(Records to process Opens)
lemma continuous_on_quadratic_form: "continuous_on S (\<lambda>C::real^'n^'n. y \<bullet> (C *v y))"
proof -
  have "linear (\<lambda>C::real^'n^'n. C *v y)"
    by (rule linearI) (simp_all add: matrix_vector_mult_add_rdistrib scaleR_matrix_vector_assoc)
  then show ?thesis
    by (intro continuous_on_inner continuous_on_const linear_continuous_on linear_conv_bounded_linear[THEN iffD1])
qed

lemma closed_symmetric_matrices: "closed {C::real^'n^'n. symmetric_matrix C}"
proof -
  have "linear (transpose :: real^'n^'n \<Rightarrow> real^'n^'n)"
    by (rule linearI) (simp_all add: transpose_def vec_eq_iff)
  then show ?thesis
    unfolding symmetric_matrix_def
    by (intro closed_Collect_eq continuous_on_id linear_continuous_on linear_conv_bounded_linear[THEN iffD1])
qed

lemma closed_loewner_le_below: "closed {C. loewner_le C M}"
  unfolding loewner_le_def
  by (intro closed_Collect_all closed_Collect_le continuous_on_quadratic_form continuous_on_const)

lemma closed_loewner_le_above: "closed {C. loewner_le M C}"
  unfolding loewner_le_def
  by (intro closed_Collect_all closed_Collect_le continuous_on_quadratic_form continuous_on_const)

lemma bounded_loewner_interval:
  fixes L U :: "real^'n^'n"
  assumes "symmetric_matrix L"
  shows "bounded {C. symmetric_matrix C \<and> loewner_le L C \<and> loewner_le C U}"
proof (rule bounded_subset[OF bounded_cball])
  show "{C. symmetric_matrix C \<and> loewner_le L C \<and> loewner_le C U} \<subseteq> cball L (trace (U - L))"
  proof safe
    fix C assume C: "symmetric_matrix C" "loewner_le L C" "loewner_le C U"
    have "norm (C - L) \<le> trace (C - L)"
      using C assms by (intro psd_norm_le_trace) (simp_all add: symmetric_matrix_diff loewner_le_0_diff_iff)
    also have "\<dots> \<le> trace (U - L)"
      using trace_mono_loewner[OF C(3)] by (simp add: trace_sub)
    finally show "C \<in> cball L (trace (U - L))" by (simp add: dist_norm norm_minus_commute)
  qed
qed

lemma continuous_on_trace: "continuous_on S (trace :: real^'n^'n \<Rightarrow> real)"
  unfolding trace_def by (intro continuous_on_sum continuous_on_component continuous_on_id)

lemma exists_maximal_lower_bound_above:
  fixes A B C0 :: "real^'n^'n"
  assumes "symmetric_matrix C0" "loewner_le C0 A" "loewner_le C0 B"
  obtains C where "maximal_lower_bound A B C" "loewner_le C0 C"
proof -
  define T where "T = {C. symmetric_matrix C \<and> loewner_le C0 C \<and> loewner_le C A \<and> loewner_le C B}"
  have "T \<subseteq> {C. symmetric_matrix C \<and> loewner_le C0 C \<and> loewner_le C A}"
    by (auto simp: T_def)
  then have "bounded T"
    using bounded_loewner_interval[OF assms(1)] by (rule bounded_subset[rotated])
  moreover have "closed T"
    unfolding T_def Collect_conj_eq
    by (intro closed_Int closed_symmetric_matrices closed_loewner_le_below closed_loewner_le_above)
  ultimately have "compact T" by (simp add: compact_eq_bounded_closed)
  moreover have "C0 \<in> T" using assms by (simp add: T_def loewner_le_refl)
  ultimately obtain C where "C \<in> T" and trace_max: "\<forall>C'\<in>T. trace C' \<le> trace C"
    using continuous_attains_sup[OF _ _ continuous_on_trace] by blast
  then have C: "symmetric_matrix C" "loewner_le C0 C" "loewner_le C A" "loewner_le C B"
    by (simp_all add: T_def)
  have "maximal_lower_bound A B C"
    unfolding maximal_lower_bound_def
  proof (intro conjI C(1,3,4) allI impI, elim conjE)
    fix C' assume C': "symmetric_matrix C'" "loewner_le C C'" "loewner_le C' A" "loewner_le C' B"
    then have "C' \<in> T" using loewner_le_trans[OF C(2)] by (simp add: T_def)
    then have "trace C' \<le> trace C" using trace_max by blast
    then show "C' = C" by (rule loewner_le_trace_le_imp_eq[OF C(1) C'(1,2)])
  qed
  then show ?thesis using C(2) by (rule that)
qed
(Records to process Closes)
▸ **Problem**: Take the lines above from the one containing "using trace_mono_loewner[OF C(3)]" to the one containing "fix C' assume" and retype them exactly, both ends included, with nothing added.

▸ **Solution below**:
      using trace_mono_loewner[OF C(3)] by (simp add: trace_sub)
    finally show "C \<in> cball L (trace (U - L))" by (simp add: dist_norm norm_minus_commute)
  qed
qed

lemma continuous_on_trace: "continuous_on S (trace :: real^'n^'n \<Rightarrow> real)"
  unfolding trace_def by (intro continuous_on_sum continuous_on_component continuous_on_id)

lemma exists_maximal_lower_bound_above:
  fixes A B C0 :: "real^'n^'n"
  assumes "symmetric_matrix C0" "loewner_le C0 A" "loewner_le C0 B"
  obtains C where "maximal_lower_bound A B C" "loewner_le C0 C"
proof -
  define T where "T = {C. symmetric_matrix C \<and> loewner_le C0 C \<and> loewner_le C A \<and> loewner_le C B}"
  have "T \<subseteq> {C. symmetric_matrix C \<and> loewner_le C0 C \<and> loewner_le C A}"
    by (auto simp: T_def)
  then have "bounded T"
    using bounded_loewner_interval[OF assms(1)] by (rule bounded_subset[rotated])
  moreover have "closed T"
    unfolding T_def Collect_conj_eq
    by (intro closed_Int closed_symmetric_matrices closed_loewner_le_below closed_loewner_le_above)
  ultimately have "compact T" by (simp add: compact_eq_bounded_closed)
  moreover have "C0 \<in> T" using assms by (simp add: T_def loewner_le_refl)
  ultimately obtain C where "C \<in> T" and trace_max: "\<forall>C'\<in>T. trace C' \<le> trace C"
    using continuous_attains_sup[OF _ _ continuous_on_trace] by blast
  then have C: "symmetric_matrix C" "loewner_le C0 C" "loewner_le C A" "loewner_le C B"
    by (simp_all add: T_def)
  have "maximal_lower_bound A B C"
    unfolding maximal_lower_bound_def
  proof (intro conjI C(1,3,4) allI impI, elim conjE)
    fix C' assume C': "symmetric_matrix C'" "loewner_le C C'" "loewner_le C' A" "loewner_le C' B"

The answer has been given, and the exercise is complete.